# More pics from Nebraska!



## kberggren (Mar 27, 2006)

Here are some pics from this last weekend in Nebraska, its been a great season with the help of a lot of scouting, travel, and time spent in the field! We hunted both saturday and sunday morning with my brother, my dad, my buddy, and myself on a warm water slough and hunted the afternoons at our pit blind and pond! Things went pretty good and nothing beats hunting with family and friends! Could have shot a lot more mallards if we would have had the guys, enjoy!
Saturday Morning - our limit, 20 Drake Mallards!









Saturday Afternoon - My dad, buddy, I hunted our pit blind and flooded pond. Got 6 honkers out of one flock and didn't shoot into another group as it sneaked in from behind and my dad wasn't ready to shoot! Went over our pit blind at less then 5 yds! Other note, could have shot another 2-3 man limit of mallards









Sunday Morning - My dad and brother had to leave by 10:30 so we let them do most of the shooting first. They left and took there 10 drakes with a bonus gadwall and Adam and I had 7 more drakes to shoot but still finished our limit before noon, another 20 mallards with a gadwall! Sorry, no pics of all 21 birds this day!
Adam








Me









Sunday Afternoon (no pics) - hunted the pit again but nearly all the geese flew the other direction and never did get anything close. Did shoot 2 widgoens though to finish out our limit though, and could have shot another 2-3 man limit of mallards again if we would have had other guys.

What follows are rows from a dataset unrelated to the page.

text \<open>Invertibility of the left rules, uniformly: \<open>F\<close> may be replaced by \<open>N\<close> as soon as
  this is possible when \<open>F\<close> is principal.\<close>
lemma sd_left_inv:
  assumes "sd (add_mset F \<Gamma>) \<Delta>"
    and "\<And>p. F \<noteq> Atom p" and "F \<noteq> Bot" and "\<And>\<rho> \<sigma>. F \<noteq> Box \<rho> \<sigma>"
    and conj: "\<And>\<phi> \<psi> \<Gamma> \<Delta>. F = Conj \<phi> \<psi> \<Longrightarrow> size \<Delta> \<le> 1 \<Longrightarrow>
      sd (add_mset \<phi> (add_mset \<psi> \<Gamma>)) \<Delta> \<Longrightarrow> sd (N + \<Gamma>) \<Delta>"
    and disj: "\<And>\<phi> \<psi> \<Gamma> \<Delta>. F = Disj \<phi> \<psi> \<Longrightarrow> size \<Delta> \<le> 1 \<Longrightarrow>
      sd (add_mset \<phi> \<Gamma>) \<Delta> \<Longrightarrow> sd (add_mset \<psi> \<Gamma>) \<Delta> \<Longrightarrow> sd (N + \<Gamma>) \<Delta>"
    and imp: "\<And>\<phi> \<psi> \<Gamma> \<Delta>. F = Imp \<phi> \<psi> \<Longrightarrow> size \<Delta> \<le> 1 \<Longrightarrow>
      sd (add_mset (Imp \<phi> \<psi>) \<Gamma>) {#\<phi>#} \<Longrightarrow> sd (add_mset \<psi> \<Gamma>) \<Delta> \<Longrightarrow> sd (N + \<Gamma>) \<Delta>"
  shows "sd (N + \<Gamma>) \<Delta>"
  using assms(1)
proof (induction "add_mset F \<Gamma>" \<Delta> arbitrary: \<Gamma> rule: sd.induct)
  case (init p \<Gamma>')
  then obtain K where "\<Gamma> = add_mset (Atom p) K"
    using add_mset_eq_add_msetD[OF init.hyps] assms(2) by blast
  then show ?case by (simp add: sd.init)
next
  case (botL \<Delta> \<Gamma>')
  then obtain K where "\<Gamma> = add_mset Bot K"
    using add_mset_eq_add_msetD[OF botL.hyps(2)] assms(3) by blast
  then show ?case using botL.hyps(1) by (simp add: sd.botL)
next
  case (conjL \<Delta> \<phi> \<psi> \<Gamma>')
  show ?case
  proof (cases "F = Conj \<phi> \<psi>")
    case True
    with conjL show ?thesis by (auto intro: conj)
  next
    case False
    then obtain K where K: "\<Gamma>' = add_mset F K" "\<Gamma> = add_mset (Conj \<phi> \<psi>) K"
      using add_mset_eq_add_msetD[OF conjL.hyps(4)] by blast
    have "sd (N + add_mset \<phi> (add_mset \<psi> K)) \<Delta>"
      using conjL.hyps(3) K(1) by (simp add: add_mset_commute)
    then show ?thesis using K(2) conjL.hyps(1) by (simp add: sd.conjL)
  qed
next
  case (disjL \<Delta> \<phi> \<Gamma>' \<psi>)
  show ?case
  proof (cases "F = Disj \<phi> \<psi>")
    case True
    with disjL show ?thesis by (auto intro: disj)
  next
    case False
    then obtain K where K: "\<Gamma>' = add_mset F K" "\<Gamma> = add_mset (Disj \<phi> \<psi>) K"
      using add_mset_eq_add_msetD[OF disjL.hyps(6)] by blast
    have "sd (N + add_mset \<phi> K) \<Delta>" "sd (N + add_mset \<psi> K) \<Delta>"
      using disjL.hyps(3,5) K(1) by (simp_all add: add_mset_commute)
    then show ?thesis using K(2) disjL.hyps(1) by (simp add: sd.disjL)
  qed
next
  case (impL \<Delta> \<phi> \<psi> \<Gamma>')
  show ?case
  proof (cases "F = Imp \<phi> \<psi>")
    case True
    with impL show ?thesis by (auto intro: imp)
  next
    case False
    then obtain K where K: "\<Gamma>' = add_mset F K" "\<Gamma> = add_mset (Imp \<phi> \<psi>) K"
      using add_mset_eq_add_msetD[OF impL.hyps(6)] by blast
    have "sd (N + \<Gamma>) {#\<phi>#}" "sd (N + add_mset \<psi> K) \<Delta>"
      using impL.hyps(3,5) K by (simp_all add: add_mset_commute)
    then show ?thesis using K(2) impL.hyps(1) by (simp add: sd.impL)
  qed
next
  case (box rs \<phi> \<psi> \<Gamma>')
  have "F \<in># \<Gamma>' + boxes rs" using box.hyps(4) by simp
  moreover have "F \<notin># boxes rs" using assms(4) by auto
  ultimately obtain K where "\<Gamma>' = add_mset F K"
    by (meson multi_member_split union_iff)
  with box.hyps(4) have "\<Gamma> = K + boxes rs" by simp
  then show ?case by (intro sd_boxI[of rs]) (use box.hyps in auto)
qed (simp_all add: sd.conjR sd.disjR1 sd.disjR2 sd.impR)

lemma sd_conjL_inv: "sd (add_mset (Conj X Y) \<Gamma>) \<Delta> \<Longrightarrow> sd (add_mset X (add_mset Y \<Gamma>)) \<Delta>"
  using sd_left_inv[of "Conj X Y" \<Gamma> \<Delta> "{#X, Y#}"] by simp

lemma sd_disjL_inv1: "sd (add_mset (Disj X Y) \<Gamma>) \<Delta> \<Longrightarrow> sd (add_mset X \<Gamma>) \<Delta>"
  using sd_left_inv[of "Disj X Y" \<Gamma> \<Delta> "{#X#}"] by simp

lemma sd_disjL_inv2: "sd (add_mset (Disj X Y) \<Gamma>) \<Delta> \<Longrightarrow> sd (add_mset Y \<Gamma>) \<Delta>"
  using sd_left_inv[of "Disj X Y" \<Gamma> \<Delta> "{#Y#}"] by simp

lemma sd_impL_inv: "sd (add_mset (Imp X Y) \<Gamma>) \<Delta> \<Longrightarrow> sd (add_mset Y \<Gamma>) \<Delta>"
  using sd_left_inv[of "Imp X Y" \<Gamma> \<Delta> "{#Y#}"] by simp

definition cut_admissible :: "'a fm \<Rightarrow> bool" where
  "cut_admissible A \<longleftrightarrow> (\<forall>\<Gamma> \<Delta>. sd \<Gamma> {#A#} \<longrightarrow> sd (add_mset A \<Gamma>) \<Delta> \<longrightarrow> sd \<Gamma> \<Delta>)"

lemma cut_admissibleD: "cut_admissible A \<Longrightarrow> sd \<Gamma> {#A#} \<Longrightarrow> sd (add_mset A \<Gamma>) \<Delta> \<Longrightarrow> sd \<Gamma> \<Delta>"
  unfolding cut_admissible_def by blast

lemma sd_single_trans:
  "cut_admissible B \<Longrightarrow> sd {#A#} {#B#} \<Longrightarrow> sd {#B#} {#C#} \<Longrightarrow> sd {#A#} {#C#}"
  by (metis cut_admissibleD add_mset_commute sd_weaken add_mset_add_single)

Ducks worked awesome with no decoys, no spinner, and very little calling! Even though we didn't shoot any geese sunday afternoon it was still cool to watch the ducks work and also sit back and think about how great of a weekend we just had. 40 drake mallards, 2 widgeons, 1 gadwall, and 6 big honkers. Not too bad, enjoy!


----------



## MN goose killa (Sep 19, 2008)

nice job!


----------



## Chaws (Oct 12, 2007)

Nice pics there! Good job waiting on and shooting just the drakes. Good to see conservation like that.


----------



## snow (Dec 7, 2007)

Thanks for sharing! Great pics,you are blessed with a fantastic place to hunt,warm water spring huh?

Curious,how close are you to the Platte?


----------



## J.D. (Oct 14, 2002)

Nice - how far west were you if you dont mind me asking?


----------



## kaiserduckhelm (May 26, 2005)

Thats a sweet looking spot, bet your shots are up close and personal.


----------



## kberggren (Mar 27, 2006)

I'm pretty far west, i hunt a lot in the later season around Scotts Bluff!


----------



## gsehnter-bloms (Dec 16, 2007)

Nice pics! That looks like a sweet spot for ducks!


----------



## J.D. (Oct 14, 2002)

kberggren said:


> I'm pretty far west, i hunt a lot in the later season around Scotts Bluff!


Yeah - I dont know if you know of the Lashleys but they have some sick warmwater creeks out in your neck of the woods, some of the easiest hunting you can get. I have some warmwater in the Lexington area but havent heard anything positive about bird numbers........


----------



## gsehnter-bloms (Dec 16, 2007)

I like the preadator quest eyes on the back of your truck!


----------



## jonesy12 (Apr 1, 2008)

Great shooting!!! :beer:


----------



## Sean Ehmke (Jan 4, 2006)

Awesome hunting. I want to get out that way. The people that are farming our land farm about 14,000 acres between Scotts Bluff and Kimball. I would think the goose hunting would have been great along with the duck hunting. Once again good job.

Sean


----------



## PJ (Oct 1, 2002)

That's it. I'm moving to Nebraska! :beer:


----------



## Leo Porcello (Jul 10, 2003)

PJ lets split rent!! :beer:


----------



## Sean Ehmke (Jan 4, 2006)

heck, why doesn't everyone on this forum pitch in 100.00 and we can buy a house out there. oke:

Sean


----------



## kberggren (Mar 27, 2006)

:beer: You guys can come down here if i can come up there and shoot some geese in october and novemeber cause we finally just started getting the geese to show up here!


----------



## snowslayer (Feb 4, 2008)

Nice bunch of birds. I might have to go out and see if a few are around after christmas. Haven't had the time lately though


----------



## dukhntr (Oct 25, 2008)

Wow, awesome pics man! Love blue bird skies when the mallards cooperate! :beer:


----------



## USAlx50 (Nov 30, 2004)

kberggren said:


> :beer: You guys can come down here if i can come up there and shoot some geese in october and novemeber cause we finally just started getting the geese to show up here!


Deal!


----------



## Neck Collar (Sep 19, 2006)

Very cool looking honey hole you got there. Those gotta be some close shots


----------



## ndwaterfowler (May 22, 2005)

USAlx50 said:


> kberggren said:
> 
> 
> > :beer: You guys can come down here if i can come up there and shoot some geese in october and novemeber cause we finally just started getting the geese to show up here!
> ...


Ditto!


----------



## blhunter3 (May 5, 2007)

Looks like you got yourself a very nice honey hole for ducks.


----------



## BirdHunter5 (Jan 9, 2009)

I'm jealous that looks like an incredible hunting spot. Looks like you know where to blast the birds.


----------